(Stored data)

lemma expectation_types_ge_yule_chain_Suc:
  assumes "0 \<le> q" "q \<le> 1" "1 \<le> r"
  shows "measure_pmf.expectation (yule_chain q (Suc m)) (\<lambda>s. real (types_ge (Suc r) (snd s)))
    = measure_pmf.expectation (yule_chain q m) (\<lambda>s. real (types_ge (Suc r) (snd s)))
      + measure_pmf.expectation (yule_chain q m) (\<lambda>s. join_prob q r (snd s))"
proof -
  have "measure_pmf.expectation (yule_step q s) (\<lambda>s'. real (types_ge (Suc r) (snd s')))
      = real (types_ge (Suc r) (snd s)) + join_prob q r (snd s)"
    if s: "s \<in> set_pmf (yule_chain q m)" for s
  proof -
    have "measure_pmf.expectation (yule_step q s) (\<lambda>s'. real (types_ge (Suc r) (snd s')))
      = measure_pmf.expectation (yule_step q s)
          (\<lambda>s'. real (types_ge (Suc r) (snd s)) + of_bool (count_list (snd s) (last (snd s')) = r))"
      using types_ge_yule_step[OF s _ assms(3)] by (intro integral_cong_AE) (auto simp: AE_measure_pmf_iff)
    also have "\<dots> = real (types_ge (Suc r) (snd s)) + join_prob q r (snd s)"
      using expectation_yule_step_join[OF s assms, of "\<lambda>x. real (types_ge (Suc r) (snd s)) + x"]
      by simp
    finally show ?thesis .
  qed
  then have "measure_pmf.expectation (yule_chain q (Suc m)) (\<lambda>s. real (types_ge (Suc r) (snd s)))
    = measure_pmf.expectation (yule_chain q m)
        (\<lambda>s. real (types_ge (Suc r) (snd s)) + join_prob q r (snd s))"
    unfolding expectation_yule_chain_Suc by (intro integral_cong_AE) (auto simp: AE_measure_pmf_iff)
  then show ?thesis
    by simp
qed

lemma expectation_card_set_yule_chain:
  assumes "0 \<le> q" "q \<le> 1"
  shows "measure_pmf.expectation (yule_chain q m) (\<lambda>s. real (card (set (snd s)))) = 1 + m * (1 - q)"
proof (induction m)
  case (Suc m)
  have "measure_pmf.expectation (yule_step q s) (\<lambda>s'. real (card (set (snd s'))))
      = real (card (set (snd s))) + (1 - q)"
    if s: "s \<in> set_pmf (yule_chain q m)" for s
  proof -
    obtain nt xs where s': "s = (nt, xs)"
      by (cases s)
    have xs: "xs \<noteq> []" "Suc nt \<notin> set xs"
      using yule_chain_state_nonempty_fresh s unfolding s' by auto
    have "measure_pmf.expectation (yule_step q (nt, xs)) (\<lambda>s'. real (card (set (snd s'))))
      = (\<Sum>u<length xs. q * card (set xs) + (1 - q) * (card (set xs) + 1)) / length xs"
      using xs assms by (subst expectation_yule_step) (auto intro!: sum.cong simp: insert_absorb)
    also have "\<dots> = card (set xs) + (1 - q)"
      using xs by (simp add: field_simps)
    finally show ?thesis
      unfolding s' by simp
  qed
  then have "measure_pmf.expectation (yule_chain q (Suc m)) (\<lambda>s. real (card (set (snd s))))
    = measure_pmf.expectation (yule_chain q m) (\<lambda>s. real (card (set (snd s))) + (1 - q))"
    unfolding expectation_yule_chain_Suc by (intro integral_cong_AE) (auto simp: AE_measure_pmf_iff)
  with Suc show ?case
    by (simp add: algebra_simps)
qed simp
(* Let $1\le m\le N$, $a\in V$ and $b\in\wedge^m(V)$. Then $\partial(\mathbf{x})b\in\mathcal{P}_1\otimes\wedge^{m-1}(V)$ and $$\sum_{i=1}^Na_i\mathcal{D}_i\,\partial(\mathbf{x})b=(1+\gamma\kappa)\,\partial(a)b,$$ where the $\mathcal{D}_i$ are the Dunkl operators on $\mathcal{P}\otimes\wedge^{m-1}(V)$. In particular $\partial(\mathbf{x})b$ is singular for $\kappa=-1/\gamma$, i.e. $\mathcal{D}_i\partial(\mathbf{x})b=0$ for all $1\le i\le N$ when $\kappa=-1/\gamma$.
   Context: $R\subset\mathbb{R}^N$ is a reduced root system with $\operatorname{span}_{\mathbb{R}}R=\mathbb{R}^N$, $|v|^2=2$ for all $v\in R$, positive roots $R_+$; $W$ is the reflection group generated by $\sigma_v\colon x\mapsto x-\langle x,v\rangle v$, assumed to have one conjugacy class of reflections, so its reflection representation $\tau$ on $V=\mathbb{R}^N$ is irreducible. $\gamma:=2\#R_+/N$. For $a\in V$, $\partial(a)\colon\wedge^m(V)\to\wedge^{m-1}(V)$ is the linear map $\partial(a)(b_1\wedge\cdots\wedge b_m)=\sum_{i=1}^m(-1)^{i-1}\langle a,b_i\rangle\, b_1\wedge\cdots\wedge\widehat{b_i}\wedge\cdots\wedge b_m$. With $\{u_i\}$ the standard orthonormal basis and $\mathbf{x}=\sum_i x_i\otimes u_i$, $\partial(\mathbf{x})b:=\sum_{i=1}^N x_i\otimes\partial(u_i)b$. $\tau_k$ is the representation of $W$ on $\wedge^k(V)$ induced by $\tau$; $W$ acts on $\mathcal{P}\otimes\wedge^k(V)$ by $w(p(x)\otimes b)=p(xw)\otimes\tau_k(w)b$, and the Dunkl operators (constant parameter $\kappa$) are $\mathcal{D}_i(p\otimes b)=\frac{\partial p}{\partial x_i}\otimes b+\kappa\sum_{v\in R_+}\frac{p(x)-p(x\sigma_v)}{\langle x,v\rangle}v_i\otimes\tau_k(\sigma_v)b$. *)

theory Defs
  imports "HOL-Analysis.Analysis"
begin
==
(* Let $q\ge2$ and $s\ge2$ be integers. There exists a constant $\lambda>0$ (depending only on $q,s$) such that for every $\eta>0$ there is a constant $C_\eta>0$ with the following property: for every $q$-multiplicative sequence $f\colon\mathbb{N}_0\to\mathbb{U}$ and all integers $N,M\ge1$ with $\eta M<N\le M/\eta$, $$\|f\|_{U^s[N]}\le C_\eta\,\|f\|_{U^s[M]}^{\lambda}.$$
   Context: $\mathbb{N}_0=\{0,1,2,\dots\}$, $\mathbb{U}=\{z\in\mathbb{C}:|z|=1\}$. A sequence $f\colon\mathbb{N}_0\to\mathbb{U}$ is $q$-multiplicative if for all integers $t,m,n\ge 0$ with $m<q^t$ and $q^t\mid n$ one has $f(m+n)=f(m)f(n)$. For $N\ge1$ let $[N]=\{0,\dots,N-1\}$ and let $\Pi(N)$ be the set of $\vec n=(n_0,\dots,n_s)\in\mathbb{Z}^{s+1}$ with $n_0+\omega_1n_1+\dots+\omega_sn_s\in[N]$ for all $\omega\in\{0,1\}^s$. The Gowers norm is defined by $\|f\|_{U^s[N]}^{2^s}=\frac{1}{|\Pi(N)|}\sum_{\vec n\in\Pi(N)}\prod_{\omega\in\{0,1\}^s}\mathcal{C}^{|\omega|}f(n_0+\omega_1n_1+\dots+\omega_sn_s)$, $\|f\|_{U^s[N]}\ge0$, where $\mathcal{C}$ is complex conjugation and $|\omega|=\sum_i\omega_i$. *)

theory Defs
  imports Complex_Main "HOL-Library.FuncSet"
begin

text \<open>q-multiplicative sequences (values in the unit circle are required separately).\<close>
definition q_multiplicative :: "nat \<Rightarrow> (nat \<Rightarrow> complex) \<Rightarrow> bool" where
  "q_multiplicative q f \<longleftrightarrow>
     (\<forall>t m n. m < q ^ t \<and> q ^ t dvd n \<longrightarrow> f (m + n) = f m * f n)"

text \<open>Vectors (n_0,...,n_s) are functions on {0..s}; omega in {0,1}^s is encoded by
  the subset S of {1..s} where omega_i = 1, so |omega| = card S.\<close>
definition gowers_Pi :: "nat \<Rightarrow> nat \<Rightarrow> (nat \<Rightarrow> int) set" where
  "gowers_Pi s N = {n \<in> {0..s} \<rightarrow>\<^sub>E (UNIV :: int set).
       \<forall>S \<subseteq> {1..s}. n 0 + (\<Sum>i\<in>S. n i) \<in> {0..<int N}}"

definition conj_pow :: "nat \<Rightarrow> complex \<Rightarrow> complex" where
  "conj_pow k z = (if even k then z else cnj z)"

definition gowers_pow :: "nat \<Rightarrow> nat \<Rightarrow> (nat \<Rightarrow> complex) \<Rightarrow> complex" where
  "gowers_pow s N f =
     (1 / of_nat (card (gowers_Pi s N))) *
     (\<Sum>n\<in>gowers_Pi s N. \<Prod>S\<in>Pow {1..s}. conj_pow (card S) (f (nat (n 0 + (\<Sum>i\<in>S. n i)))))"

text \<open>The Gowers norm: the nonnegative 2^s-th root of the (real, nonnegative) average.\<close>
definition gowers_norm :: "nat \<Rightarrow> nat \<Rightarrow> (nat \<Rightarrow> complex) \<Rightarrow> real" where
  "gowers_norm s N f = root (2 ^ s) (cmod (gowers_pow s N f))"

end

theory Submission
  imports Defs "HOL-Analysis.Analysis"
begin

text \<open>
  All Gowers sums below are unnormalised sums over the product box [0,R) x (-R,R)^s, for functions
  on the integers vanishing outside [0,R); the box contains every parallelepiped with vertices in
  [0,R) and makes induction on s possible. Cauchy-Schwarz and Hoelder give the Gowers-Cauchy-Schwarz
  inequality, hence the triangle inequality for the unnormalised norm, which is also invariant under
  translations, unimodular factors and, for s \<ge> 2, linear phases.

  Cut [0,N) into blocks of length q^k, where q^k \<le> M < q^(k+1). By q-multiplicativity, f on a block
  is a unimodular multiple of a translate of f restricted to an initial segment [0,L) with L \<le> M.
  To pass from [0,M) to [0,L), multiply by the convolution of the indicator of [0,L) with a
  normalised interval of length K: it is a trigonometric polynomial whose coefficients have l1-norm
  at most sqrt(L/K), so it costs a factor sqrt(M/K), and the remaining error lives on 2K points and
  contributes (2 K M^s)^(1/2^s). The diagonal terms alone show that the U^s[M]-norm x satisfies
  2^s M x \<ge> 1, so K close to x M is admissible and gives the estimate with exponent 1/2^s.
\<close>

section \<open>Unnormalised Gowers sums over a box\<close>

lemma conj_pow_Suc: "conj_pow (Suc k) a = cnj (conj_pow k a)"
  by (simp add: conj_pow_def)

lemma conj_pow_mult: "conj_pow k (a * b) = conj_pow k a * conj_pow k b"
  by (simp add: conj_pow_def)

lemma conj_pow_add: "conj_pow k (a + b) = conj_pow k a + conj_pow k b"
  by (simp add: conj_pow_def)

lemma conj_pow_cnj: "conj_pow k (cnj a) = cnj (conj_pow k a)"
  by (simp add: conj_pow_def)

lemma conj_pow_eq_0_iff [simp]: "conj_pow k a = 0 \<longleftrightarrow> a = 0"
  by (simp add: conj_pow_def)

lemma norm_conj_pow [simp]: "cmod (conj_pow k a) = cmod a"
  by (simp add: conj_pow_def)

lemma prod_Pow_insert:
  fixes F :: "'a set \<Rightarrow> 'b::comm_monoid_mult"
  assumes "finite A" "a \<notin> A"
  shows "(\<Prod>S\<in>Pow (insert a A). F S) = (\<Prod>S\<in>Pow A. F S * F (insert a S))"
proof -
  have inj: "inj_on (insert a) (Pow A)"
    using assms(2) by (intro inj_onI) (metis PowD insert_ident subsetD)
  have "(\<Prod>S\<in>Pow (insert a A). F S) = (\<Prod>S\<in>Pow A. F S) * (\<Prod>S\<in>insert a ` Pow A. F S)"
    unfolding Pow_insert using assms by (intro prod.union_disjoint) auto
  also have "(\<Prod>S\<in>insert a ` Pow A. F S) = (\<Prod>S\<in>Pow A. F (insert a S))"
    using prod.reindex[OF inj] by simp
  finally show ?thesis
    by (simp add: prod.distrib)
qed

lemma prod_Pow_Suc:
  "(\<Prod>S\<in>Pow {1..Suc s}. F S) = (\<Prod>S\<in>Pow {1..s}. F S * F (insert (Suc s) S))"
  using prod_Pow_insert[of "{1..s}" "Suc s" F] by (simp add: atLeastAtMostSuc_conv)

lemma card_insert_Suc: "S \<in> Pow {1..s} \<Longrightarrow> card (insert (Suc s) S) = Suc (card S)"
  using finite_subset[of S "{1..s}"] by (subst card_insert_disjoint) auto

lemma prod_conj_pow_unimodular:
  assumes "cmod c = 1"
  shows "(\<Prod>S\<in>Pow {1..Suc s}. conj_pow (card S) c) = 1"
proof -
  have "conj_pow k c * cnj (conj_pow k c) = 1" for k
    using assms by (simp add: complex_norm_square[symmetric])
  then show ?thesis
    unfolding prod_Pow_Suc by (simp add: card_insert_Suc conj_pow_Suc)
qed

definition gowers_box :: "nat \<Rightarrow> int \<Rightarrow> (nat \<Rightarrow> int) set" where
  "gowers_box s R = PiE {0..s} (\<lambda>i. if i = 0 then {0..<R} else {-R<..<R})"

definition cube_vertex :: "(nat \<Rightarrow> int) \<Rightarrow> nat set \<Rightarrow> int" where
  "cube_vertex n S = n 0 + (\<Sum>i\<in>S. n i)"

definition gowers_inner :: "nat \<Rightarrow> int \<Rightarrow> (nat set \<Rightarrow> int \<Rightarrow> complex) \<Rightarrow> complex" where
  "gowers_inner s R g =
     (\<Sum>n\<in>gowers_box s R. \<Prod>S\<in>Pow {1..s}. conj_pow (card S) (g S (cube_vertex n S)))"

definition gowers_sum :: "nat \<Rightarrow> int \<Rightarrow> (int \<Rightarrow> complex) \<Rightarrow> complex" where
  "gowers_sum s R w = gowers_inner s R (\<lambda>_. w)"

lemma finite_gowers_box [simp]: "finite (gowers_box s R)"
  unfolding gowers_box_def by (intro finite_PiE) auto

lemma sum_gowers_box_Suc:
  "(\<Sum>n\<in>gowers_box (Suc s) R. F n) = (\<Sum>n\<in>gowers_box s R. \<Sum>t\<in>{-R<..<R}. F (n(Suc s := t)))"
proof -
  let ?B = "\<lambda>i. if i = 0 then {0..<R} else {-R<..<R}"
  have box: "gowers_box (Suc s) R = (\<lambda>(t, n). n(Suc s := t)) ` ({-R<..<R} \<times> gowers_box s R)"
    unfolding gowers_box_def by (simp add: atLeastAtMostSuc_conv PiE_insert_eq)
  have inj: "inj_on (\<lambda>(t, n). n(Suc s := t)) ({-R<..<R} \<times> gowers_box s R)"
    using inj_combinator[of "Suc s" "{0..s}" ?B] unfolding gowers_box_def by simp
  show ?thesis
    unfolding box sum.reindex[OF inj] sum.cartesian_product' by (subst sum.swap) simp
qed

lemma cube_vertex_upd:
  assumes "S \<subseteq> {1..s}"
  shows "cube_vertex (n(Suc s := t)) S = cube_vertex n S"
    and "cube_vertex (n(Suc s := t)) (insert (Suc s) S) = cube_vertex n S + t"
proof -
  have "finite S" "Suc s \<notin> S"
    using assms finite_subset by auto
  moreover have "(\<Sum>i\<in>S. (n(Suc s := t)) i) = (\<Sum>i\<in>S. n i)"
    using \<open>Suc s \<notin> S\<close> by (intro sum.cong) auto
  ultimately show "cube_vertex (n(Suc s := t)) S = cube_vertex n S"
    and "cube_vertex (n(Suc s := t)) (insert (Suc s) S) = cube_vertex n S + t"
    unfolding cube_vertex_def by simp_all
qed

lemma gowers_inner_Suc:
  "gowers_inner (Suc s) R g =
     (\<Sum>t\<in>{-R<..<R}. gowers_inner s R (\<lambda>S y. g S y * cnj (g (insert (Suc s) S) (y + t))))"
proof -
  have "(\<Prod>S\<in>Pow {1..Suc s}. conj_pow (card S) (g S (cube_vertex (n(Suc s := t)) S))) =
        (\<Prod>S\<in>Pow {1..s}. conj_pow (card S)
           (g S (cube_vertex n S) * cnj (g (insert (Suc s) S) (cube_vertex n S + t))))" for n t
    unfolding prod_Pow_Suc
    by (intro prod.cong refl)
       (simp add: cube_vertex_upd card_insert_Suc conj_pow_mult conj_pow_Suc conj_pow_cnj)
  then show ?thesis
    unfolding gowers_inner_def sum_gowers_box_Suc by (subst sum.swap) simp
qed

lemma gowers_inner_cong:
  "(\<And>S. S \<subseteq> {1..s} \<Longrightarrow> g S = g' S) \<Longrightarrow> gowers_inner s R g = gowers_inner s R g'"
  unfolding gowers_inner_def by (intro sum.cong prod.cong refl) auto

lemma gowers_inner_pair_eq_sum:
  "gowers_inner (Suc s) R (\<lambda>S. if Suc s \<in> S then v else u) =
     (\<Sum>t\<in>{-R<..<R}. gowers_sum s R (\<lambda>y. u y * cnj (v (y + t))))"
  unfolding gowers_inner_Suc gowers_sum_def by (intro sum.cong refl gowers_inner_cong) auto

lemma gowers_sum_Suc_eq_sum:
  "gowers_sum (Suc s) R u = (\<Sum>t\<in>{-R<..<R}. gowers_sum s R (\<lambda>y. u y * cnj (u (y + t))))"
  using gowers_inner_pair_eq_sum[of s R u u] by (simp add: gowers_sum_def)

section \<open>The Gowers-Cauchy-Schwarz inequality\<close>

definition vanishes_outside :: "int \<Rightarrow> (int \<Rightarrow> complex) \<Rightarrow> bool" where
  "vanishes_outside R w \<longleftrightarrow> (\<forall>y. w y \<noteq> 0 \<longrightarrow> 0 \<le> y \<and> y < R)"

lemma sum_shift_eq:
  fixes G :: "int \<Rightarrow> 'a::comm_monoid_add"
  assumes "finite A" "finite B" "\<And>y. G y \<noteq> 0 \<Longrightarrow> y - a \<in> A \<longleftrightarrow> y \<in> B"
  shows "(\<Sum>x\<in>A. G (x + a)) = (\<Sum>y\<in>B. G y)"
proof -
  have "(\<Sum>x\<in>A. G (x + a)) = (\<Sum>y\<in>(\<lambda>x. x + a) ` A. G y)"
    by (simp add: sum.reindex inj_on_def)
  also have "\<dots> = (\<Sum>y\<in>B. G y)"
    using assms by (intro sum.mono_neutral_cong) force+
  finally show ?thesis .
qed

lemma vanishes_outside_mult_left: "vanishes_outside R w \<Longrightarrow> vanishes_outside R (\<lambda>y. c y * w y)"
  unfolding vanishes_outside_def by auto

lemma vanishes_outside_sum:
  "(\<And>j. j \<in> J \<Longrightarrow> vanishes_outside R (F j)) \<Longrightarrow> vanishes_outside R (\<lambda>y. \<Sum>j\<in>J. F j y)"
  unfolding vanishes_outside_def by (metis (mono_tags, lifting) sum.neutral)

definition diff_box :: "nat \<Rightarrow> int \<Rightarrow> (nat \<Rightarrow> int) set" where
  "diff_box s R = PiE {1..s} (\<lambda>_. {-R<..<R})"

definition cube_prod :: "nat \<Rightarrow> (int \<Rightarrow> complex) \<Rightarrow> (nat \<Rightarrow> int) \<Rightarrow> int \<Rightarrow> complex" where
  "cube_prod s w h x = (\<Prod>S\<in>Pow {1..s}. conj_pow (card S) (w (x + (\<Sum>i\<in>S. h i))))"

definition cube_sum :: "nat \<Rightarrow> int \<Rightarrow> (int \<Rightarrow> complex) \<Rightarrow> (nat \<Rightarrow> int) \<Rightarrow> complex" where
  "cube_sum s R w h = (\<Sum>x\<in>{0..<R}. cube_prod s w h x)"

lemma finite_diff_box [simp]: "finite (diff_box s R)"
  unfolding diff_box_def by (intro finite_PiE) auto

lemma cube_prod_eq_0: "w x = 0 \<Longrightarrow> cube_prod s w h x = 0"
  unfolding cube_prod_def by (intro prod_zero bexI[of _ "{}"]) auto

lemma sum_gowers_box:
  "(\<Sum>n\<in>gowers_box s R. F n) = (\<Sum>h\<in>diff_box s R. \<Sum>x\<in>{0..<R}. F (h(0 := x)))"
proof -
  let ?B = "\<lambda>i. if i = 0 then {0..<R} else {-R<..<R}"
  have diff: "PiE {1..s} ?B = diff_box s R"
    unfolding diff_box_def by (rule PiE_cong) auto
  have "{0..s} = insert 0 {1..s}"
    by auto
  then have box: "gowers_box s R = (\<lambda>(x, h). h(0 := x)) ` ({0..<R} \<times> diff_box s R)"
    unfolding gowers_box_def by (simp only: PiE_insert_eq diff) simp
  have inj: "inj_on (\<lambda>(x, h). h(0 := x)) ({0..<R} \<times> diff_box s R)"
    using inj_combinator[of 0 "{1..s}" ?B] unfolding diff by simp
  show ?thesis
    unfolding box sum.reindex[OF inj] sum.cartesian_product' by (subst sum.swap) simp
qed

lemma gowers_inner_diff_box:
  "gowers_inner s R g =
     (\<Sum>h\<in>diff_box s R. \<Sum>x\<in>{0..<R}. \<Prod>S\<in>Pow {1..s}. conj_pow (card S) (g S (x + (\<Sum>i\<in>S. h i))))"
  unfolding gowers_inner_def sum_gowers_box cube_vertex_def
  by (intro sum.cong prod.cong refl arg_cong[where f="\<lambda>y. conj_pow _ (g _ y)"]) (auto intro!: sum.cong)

**Problem statement**. Return word for word the lines above from the line with "(\<Sum>u<length xs. q" to the line with "(* Let $1\le", including both and leaving out all others.

**Final answer**.
      = (\<Sum>u<length xs. q * card (set xs) + (1 - q) * (card (set xs) + 1)) / length xs"
      using xs assms by (subst expectation_yule_step) (auto intro!: sum.cong simp: insert_absorb)
    also have "\<dots> = card (set xs) + (1 - q)"
      using xs by (simp add: field_simps)
    finally show ?thesis
      unfolding s' by simp
  qed
  then have "measure_pmf.expectation (yule_chain q (Suc m)) (\<lambda>s. real (card (set (snd s))))
    = measure_pmf.expectation (yule_chain q m) (\<lambda>s. real (card (set (snd s))) + (1 - q))"
    unfolding expectation_yule_chain_Suc by (intro integral_cong_AE) (auto simp: AE_measure_pmf_iff)
  with Suc show ?case
    by (simp add: algebra_simps)
qed simp
(* Let $1\le m\le N$, $a\in V$ and $b\in\wedge^m(V)$. Then $\partial(\mathbf{x})b\in\mathcal{P}_1\otimes\wedge^{m-1}(V)$ and $$\sum_{i=1}^Na_i\mathcal{D}_i\,\partial(\mathbf{x})b=(1+\gamma\kappa)\,\partial(a)b,$$ where the $\mathcal{D}_i$ are the Dunkl operators on $\mathcal{P}\otimes\wedge^{m-1}(V)$. In particular $\partial(\mathbf{x})b$ is singular for $\kappa=-1/\gamma$, i.e. $\mathcal{D}_i\partial(\mathbf{x})b=0$ for all $1\le i\le N$ when $\kappa=-1/\gamma$.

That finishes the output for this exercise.